It would not make sense. Black hat people have an incentive to make malware: they make money from it. Security researchers make money in the fight against malware they do not need to create. And creating malware would be stupid for them, as it would introduce the risk of dealing with justice.
No need to double my work load, given morons (Score:2)
Given that morons still click christmas_card.exe, and some of those click happy morons are executives and sysadmins, I have no need to double my workload by creating more problems to fix. The bad guys and the sloppy users create plenty enough problems.
The Start of Something Bigger? (Score:5, Insightful)
Re: (Score:3)
We've already seen ransomware that either allows a victim to pay, or to infect at least two other paying victims [computerworld.com], using a customized version of the malware for tracking purposes.
Re: (Score:2)
This is a fun example, but it suggests that ransomware can be used to induce people to do much more than paying a fee.
You and I have radically different definitions of "fun." This "fun example" will encrypt and then delete your data if you don't follow its demands. I don't care if the only demand is filling in a captcha, it's not acceptable to threaten consequences for failing to comply.

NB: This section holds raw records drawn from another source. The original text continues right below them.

(* Let $G$ be a group and $A\subseteq G$ a nonempty finite set. Suppose $H$ is a finite subgroup of $G$ such that $H\subseteq\operatorname{Stab}^r_N(A)$ for some $N>0$. Then there is a set $D\subseteq G$ which is a union of left cosets of $H$ such that $|A\triangle D|\leq N$.
   Context: $\operatorname{Stab}^r_N(A)=\{x\in G:|Ax\triangle A|\leq N\}$, where $\triangle$ denotes symmetric difference. *)

theory Defs
  imports "HOL-Algebra.Coset"
begin

definition sym_diff :: "'a set \<Rightarrow> 'a set \<Rightarrow> 'a set" where
  "sym_diff X Y = (X - Y) \<union> (Y - X)"

definition stab_r :: "('a, 'b) monoid_scheme \<Rightarrow> nat \<Rightarrow> 'a set \<Rightarrow> 'a set" where
  "stab_r G N A = {x \<in> carrier G. card (sym_diff (A #>\<^bsub>G\<^esub> x) A) \<le> N}"

end

theory Submission
  imports Defs "HOL-Algebra.Left_Coset"
begin

text \<open>Let \<open>k = |H|\<close> and let \<open>D\<close> be the set of those \<open>x\<close> whose left coset \<open>xH\<close> has more than
  \<open>k/2\<close> points in \<open>A\<close>; it is a union of left cosets. Counting the pairs \<open>(a, h) \<in> A \<times> H\<close> with
  \<open>ah \<notin> A\<close> in two ways gives \<open>\<Sum>\<^bsub>h\<in>H\<^esub> |Ah \<triangle> A| = 2 \<Sum>\<^bsub>a\<in>A\<^esub> |aH - A|\<close>. A point \<open>a \<in> A - D\<close>
  lies in a coset at most half inside \<open>A\<close>, so contributes at least \<open>k/2\<close>. The terms for
  \<open>a \<in> A \<inter> D\<close> count pairs \<open>(a, y)\<close> in a common coset with \<open>y \<in> D - A\<close>; grouped by \<open>y\<close>
  instead, they contribute more than \<open>k/2\<close> for each \<open>y \<in> D - A\<close>. Hence
  \<open>k |A \<triangle> D| \<le> \<Sum>\<^bsub>h\<in>H\<^esub> |Ah \<triangle> A| \<le> k N\<close>.\<close>

definition coset_majority :: "('a, 'b) monoid_scheme \<Rightarrow> 'a set \<Rightarrow> 'a set \<Rightarrow> 'a set" where
  "coset_majority G H A = {x \<in> carrier G. card H < 2 * card ((x <#\<^bsub>G\<^esub> H) \<inter> A)}"

lemma card_sym_diff:
  assumes "finite X" "finite Y"
  shows "card (sym_diff X Y) = card (X - Y) + card (Y - X)"
  unfolding sym_diff_def using assms by (intro card_Un_disjoint) auto

lemma sum_card_filter_swap:
  assumes "finite X" "finite Y"
  shows "(\<Sum>x\<in>X. card {y \<in> Y. P x y}) = (\<Sum>y\<in>Y. card {x \<in> X. P x y})"
proof -
  have "(\<Sum>x\<in>X. card {y \<in> Y. P x y}) = (\<Sum>x\<in>X. \<Sum>y\<in>Y. if P x y then 1 else 0)"
    using assms(2) by (simp add: sum.inter_filter[symmetric])
  also have "\<dots> = (\<Sum>y\<in>Y. \<Sum>x\<in>X. if P x y then 1 else 0)"
    by (rule sum.swap)
  also have "\<dots> = (\<Sum>y\<in>Y. card {x \<in> X. P x y})"
    using assms(1) by (simp add: sum.inter_filter[symmetric])
  finally show ?thesis .
qed

context group
begin

lemma card_l_coset:
  assumes "H \<subseteq> carrier G" "x \<in> carrier G"
  shows "card (x <# H) = card H"
proof -
  have "x <# H = (\<lambda>h. x \<otimes> h) ` H"
    by (auto simp: l_coset_def)
  then show ?thesis
    using assms by (simp add: card_image inj_on_g')
qed

lemma card_sym_diff_r_coset:
  assumes "A \<subseteq> carrier G" "finite A" "h \<in> carrier G"
  shows "card (sym_diff (A #> h) A) = 2 * card {z \<in> A. z \<otimes> h \<notin> A}"
proof -
  have Ah: "A #> h = (\<lambda>z. z \<otimes> h) ` A"
    by (auto simp: r_coset_def)
  have inj: "inj_on (\<lambda>z. z \<otimes> h) A"
    using assms by (simp add: inj_on_g)
  have "card (A #> h) = card A"
    using inj by (simp add: Ah card_image)
  then have "card (A - (A #> h)) = card ((A #> h) - A)"
    using assms(2) by (simp add: Ah card_Diff_subset_Int Int_commute)
  moreover have "(A #> h) - A = (\<lambda>z. z \<otimes> h) ` {z \<in> A. z \<otimes> h \<notin> A}"
    by (auto simp: Ah)
  moreover have "card ((\<lambda>z. z \<otimes> h) ` {z \<in> A. z \<otimes> h \<notin> A}) = card {z \<in> A. z \<otimes> h \<notin> A}"
    using inj by (intro card_image) (auto intro: inj_on_subset)
  ultimately show ?thesis
    using assms(2) by (simp add: card_sym_diff Ah)
qed

lemma sum_card_sym_diff_r_coset:
  assumes "A \<subseteq> carrier G" "finite A" "H \<subseteq> carrier G" "finite H"
  shows "(\<Sum>h\<in>H. card (sym_diff (A #> h) A)) = 2 * (\<Sum>z\<in>A. card ((z <# H) - A))"
proof -
  have "(\<Sum>h\<in>H. card (sym_diff (A #> h) A)) = (\<Sum>h\<in>H. 2 * card {z \<in> A. z \<otimes> h \<notin> A})"
    using assms by (intro sum.cong refl card_sym_diff_r_coset) auto
  also have "\<dots> = 2 * (\<Sum>h\<in>H. card {z \<in> A. z \<otimes> h \<notin> A})"
    by (simp add: sum_distrib_left)
  also have "\<dots> = 2 * (\<Sum>z\<in>A. card {h \<in> H. z \<otimes> h \<notin> A})"
    using assms by (simp only: sum_card_filter_swap[of H A])
  also have "\<dots> = 2 * (\<Sum>z\<in>A. card ((z <# H) - A))"
  proof -
    have "card {h \<in> H. z \<otimes> h \<notin> A} = card ((z <# H) - A)" if "z \<in> A" for z
    proof -
      have "(z <# H) - A = (\<lambda>h. z \<otimes> h) ` {h \<in> H. z \<otimes> h \<notin> A}"
        by (auto simp: l_coset_def)
      moreover have "inj_on (\<lambda>h. z \<otimes> h) {h \<in> H. z \<otimes> h \<notin> A}"
        using assms(1) that by (intro inj_on_subset[OF inj_on_g'[OF assms(3)]]) auto
      ultimately show ?thesis
        by (simp add: card_image)
    qed
    then show ?thesis
      by (simp cong: sum.cong)
  qed
  finally show ?thesis .
qed

lemma sum_card_l_coset_Int_swap:
  assumes "subgroup H G" "X \<subseteq> carrier G" "Y \<subseteq> carrier G" "finite X" "finite Y"
  shows "(\<Sum>x\<in>X. card ((x <# H) \<inter> Y)) = (\<Sum>y\<in>Y. card ((y <# H) \<inter> X))"
proof -
  have "(\<Sum>x\<in>X. card ((x <# H) \<inter> Y)) = (\<Sum>x\<in>X. card {y \<in> Y. y \<in> x <# H})"
    by (simp add: Int_def conj_commute)
  also have "\<dots> = (\<Sum>y\<in>Y. card {x \<in> X. y \<in> x <# H})"
    using assms by (intro sum_card_filter_swap)
  also have "\<dots> = (\<Sum>y\<in>Y. card {x \<in> X. x \<in> y <# H})"
    using assms by (intro sum.cong refl arg_cong[where f = card]) (blast intro: l_coset_swap)
  also have "\<dots> = (\<Sum>y\<in>Y. card ((y <# H) \<inter> X))"
    by (simp add: Int_def conj_commute)
  finally show ?thesis .
qed

lemma sum_card_l_coset_Diff_swap:
  assumes "subgroup H G" "A \<subseteq> carrier G" "finite A" "D \<subseteq> carrier G" "finite D"
    and "\<And>x. x \<in> D \<Longrightarrow> x <# H \<subseteq> D"
  shows "(\<Sum>z\<in>A \<inter> D. card ((z <# H) - A)) = (\<Sum>y\<in>D - A. card ((y <# H) \<inter> A))"
proof -
  have "(\<Sum>z\<in>A \<inter> D. card ((z <# H) - A)) = (\<Sum>z\<in>A \<inter> D. card ((z <# H) \<inter> (D - A)))"
    using assms(6) by (intro sum.cong refl arg_cong[where f = card]) blast
  also have "\<dots> = (\<Sum>y\<in>D - A. card ((y <# H) \<inter> (A \<inter> D)))"
    using assms(1-5) by (intro sum_card_l_coset_Int_swap) auto
  also have "\<dots> = (\<Sum>y\<in>D - A. card ((y <# H) \<inter> A))"
    using assms(6) by (intro sum.cong refl arg_cong[where f = card]) blast
  finally show ?thesis .
qed

lemma l_coset_subset_coset_majority:
  assumes "subgroup H G" "x \<in> coset_majority G H A"
  shows "x <# H \<subseteq> coset_majority G H A"
proof
  fix y
  assume y: "y \<in> x <# H"
  have x: "x \<in> carrier G"
    using assms(2) by (simp add: coset_majority_def)
  have "x <# H = y <# H"
    using y x assms(1) by (rule l_repr_independence)
  moreover have "y \<in> carrier G"
    using y x assms(1) by (rule l_coset_carrier)
  ultimately show "y \<in> coset_majority G H A"
    using assms(2) by (simp add: coset_majority_def)
qed

lemma coset_majority_eq_Union:
  assumes "subgroup H G"
  shows "coset_majority G H A = (\<Union>x\<in>coset_majority G H A. x <# H)"
proof
  show "coset_majority G H A \<subseteq> (\<Union>x\<in>coset_majority G H A. x <# H)"
  proof
    fix x
    assume x: "x \<in> coset_majority G H A"
    then have "x \<in> x <# H"
      using assms by (simp add: coset_majority_def lcos_self)
    with x show "x \<in> (\<Union>x\<in>coset_majority G H A. x <# H)"
      by blast
  qed
  show "(\<Union>x\<in>coset_majority G H A. x <# H) \<subseteq> coset_majority G H A"
    using l_coset_subset_coset_majority[OF assms] by blast
qed

lemma finite_coset_majority:
  assumes "subgroup H G" "finite H" "finite A"
  shows "finite (coset_majority G H A)"
proof (rule finite_subset)
  show "coset_majority G H A \<subseteq> (\<Union>a\<in>A. a <# H)"
  proof
    fix x
    assume x: "x \<in> coset_majority G H A"
    then have "(x <# H) \<inter> A \<noteq> {}" and x_carrier: "x \<in> carrier G"
      by (auto simp: coset_majority_def)
    then obtain a where a: "a \<in> x <# H" "a \<in> A"
      by blast
    have "x \<in> x <# H"
      using x_carrier assms(1) by (rule lcos_self)
    also have "x <# H = a <# H"
      using a(1) x_carrier assms(1) by (rule l_repr_independence)
    finally show "x \<in> (\<Union>a\<in>A. a <# H)"
      using a(2) by blast
  qed
  show "finite (\<Union>a\<in>A. a <# H)"
    using assms by (simp add: l_coset_def)
qed

lemma card_sym_diff_coset_majority_le:
  assumes "subgroup H G" "finite H" "A \<subseteq> carrier G" "finite A"
  defines "D \<equiv> coset_majority G H A"
  shows "card H * card (sym_diff A D) \<le> (\<Sum>h\<in>H. card (sym_diff (A #> h) A))"
proof -
  have H: "H \<subseteq> carrier G"
    using assms(1) by (rule subgroup.subset)
  have D_carrier: "D \<subseteq> carrier G"
    by (auto simp: D_def coset_majority_def)
  have D_finite: "finite D"
    unfolding D_def using assms(1,2,4) by (rule finite_coset_majority)
  have coset_in_D: "\<And>x. x \<in> D \<Longrightarrow> x <# H \<subseteq> D"
    using assms(1) unfolding D_def by (rule l_coset_subset_coset_majority)
  have outside: "card H \<le> 2 * card ((z <# H) - A)" if "z \<in> A - D" for z
  proof -
    have z: "z \<in> carrier G"
      using that assms(3) by blast
    have "card H = card ((z <# H) \<inter> A) + card ((z <# H) - A)"
      using card_l_coset[OF H z] card_Int_Diff[of "z <# H" A] assms(2)
      by (simp add: l_coset_def)
    moreover have "2 * card ((z <# H) \<inter> A) \<le> card H"
      using that z by (simp add: D_def coset_majority_def)
    ultimately show ?thesis
      by linarith
  qed
  have inside: "card H \<le> 2 * card ((y <# H) \<inter> A)" if "y \<in> D - A" for y
    using that by (simp add: D_def coset_majority_def)
  have A_Int_D: "(\<Sum>z\<in>A \<inter> D. card ((z <# H) - A)) = (\<Sum>y\<in>D - A. card ((y <# H) \<inter> A))"
    using assms(1,3,4) D_carrier D_finite coset_in_D by (rule sum_card_l_coset_Diff_swap)
  have "card (A - D) * card H \<le> (\<Sum>z\<in>A - D. 2 * card ((z <# H) - A))"
    using sum_bounded_below[of "A - D" "card H" "\<lambda>z. 2 * card ((z <# H) - A)"] outside by simp
  moreover have "card (D - A) * card H \<le> (\<Sum>y\<in>D - A. 2 * card ((y <# H) \<inter> A))"
    using sum_bounded_below[of "D - A" "card H" "\<lambda>y. 2 * card ((y <# H) \<inter> A)"] inside by simp
  moreover have "card H * card (sym_diff A D) = card (A - D) * card H + card (D - A) * card H"
    using assms(4) D_finite by (simp add: card_sym_diff algebra_simps)
  ultimately have "card H * card (sym_diff A D)
      \<le> 2 * (\<Sum>z\<in>A - D. card ((z <# H) - A)) + 2 * (\<Sum>y\<in>D - A. card ((y <# H) \<inter> A))"
    by (simp add: sum_distrib_left)
  also have "\<dots> = 2 * (\<Sum>z\<in>A. card ((z <# H) - A))"
    using sum.Int_Diff[OF assms(4), of "\<lambda>z. card ((z <# H) - A)" D] by (simp add: A_Int_D)
  also have "\<dots> = (\<Sum>h\<in>H. card (sym_diff (A #> h) A))"
    using assms(2,3,4) H by (simp add: sum_card_sym_diff_r_coset)
  finally show ?thesis .
qed

end

theorem lemma6p2:
  fixes G :: "('a, 'b) monoid_scheme" and A H :: "'a set" and N :: nat
  assumes "group G"
    and "A \<subseteq> carrier G" and "finite A" and "A \<noteq> {}"
    and "subgroup H G" and "finite H"
    and "N > 0"
    and "H \<subseteq> stab_r G N A"
  shows "\<exists>D S. S \<subseteq> carrier G \<and> D = (\<Union>x\<in>S. x <#\<^bsub>G\<^esub> H)
              \<and> finite (sym_diff A D) \<and> card (sym_diff A D) \<le> N"
proof -
  interpret group G by fact
  let ?D = "coset_majority G H A"
  have "card H * card (sym_diff A ?D) \<le> (\<Sum>h\<in>H. card (sym_diff (A #>\<^bsub>G\<^esub> h) A))"
    using assms by (intro card_sym_diff_coset_majority_le)
  also have "\<dots> \<le> card H * N"
    using assms(8) sum_bounded_above[of H "\<lambda>h. card (sym_diff (A #>\<^bsub>G\<^esub> h) A)" N]
    by (auto simp: stab_r_def)
  finally have "card (sym_diff A ?D) \<le> N"
    using assms(5,6) subgroup.one_closed card_gt_0_iff by fastforce
  moreover have "finite (sym_diff A ?D)"
    using assms finite_coset_majority by (simp add: sym_diff_def)
  ultimately show ?thesis
    using assms(5) coset_majority_eq_Union
    by (intro exI[of _ ?D] exI[of _ ?D]) (auto simp: coset_majority_def)
qed

end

Personally, I can think of a few knee-jerk reactions that I might have to discovering this. None would be to just click on the links unless I knew ahead of time that it would work. My response would certainly not be blindly following direct
Re: (Score:2)
Personally, I can think of a few knee-jerk reactions that I might have to discovering this. None would be to just click on the links unless I knew ahead of time that it would work. My response would certainly not be blindly following directions given to me by ransomware - In this case to my own detriment.
"I don't negotiate with terrorists", says the person who has never been held hostage.
What a coincidence! (Score:2)
In a strange coincidence of "one thing happening after two other things happen", the "please stop breaking my knees" button becomes available after the ransomware's author has had both of his knees broken.
What an idiot (Score:5, Insightful)
There is no doubt that this is both unethical and illegal in most jurisdictions.
It also won't work. Regular computer users are not knowledgeable. Even experienced users, even people with college degrees in computer security will err. People will mistake the dialogue box for an ad, people will think that it will go away with a reboot, etc. That users err is a natural law, the first thing they teach you in User Interfaces 101.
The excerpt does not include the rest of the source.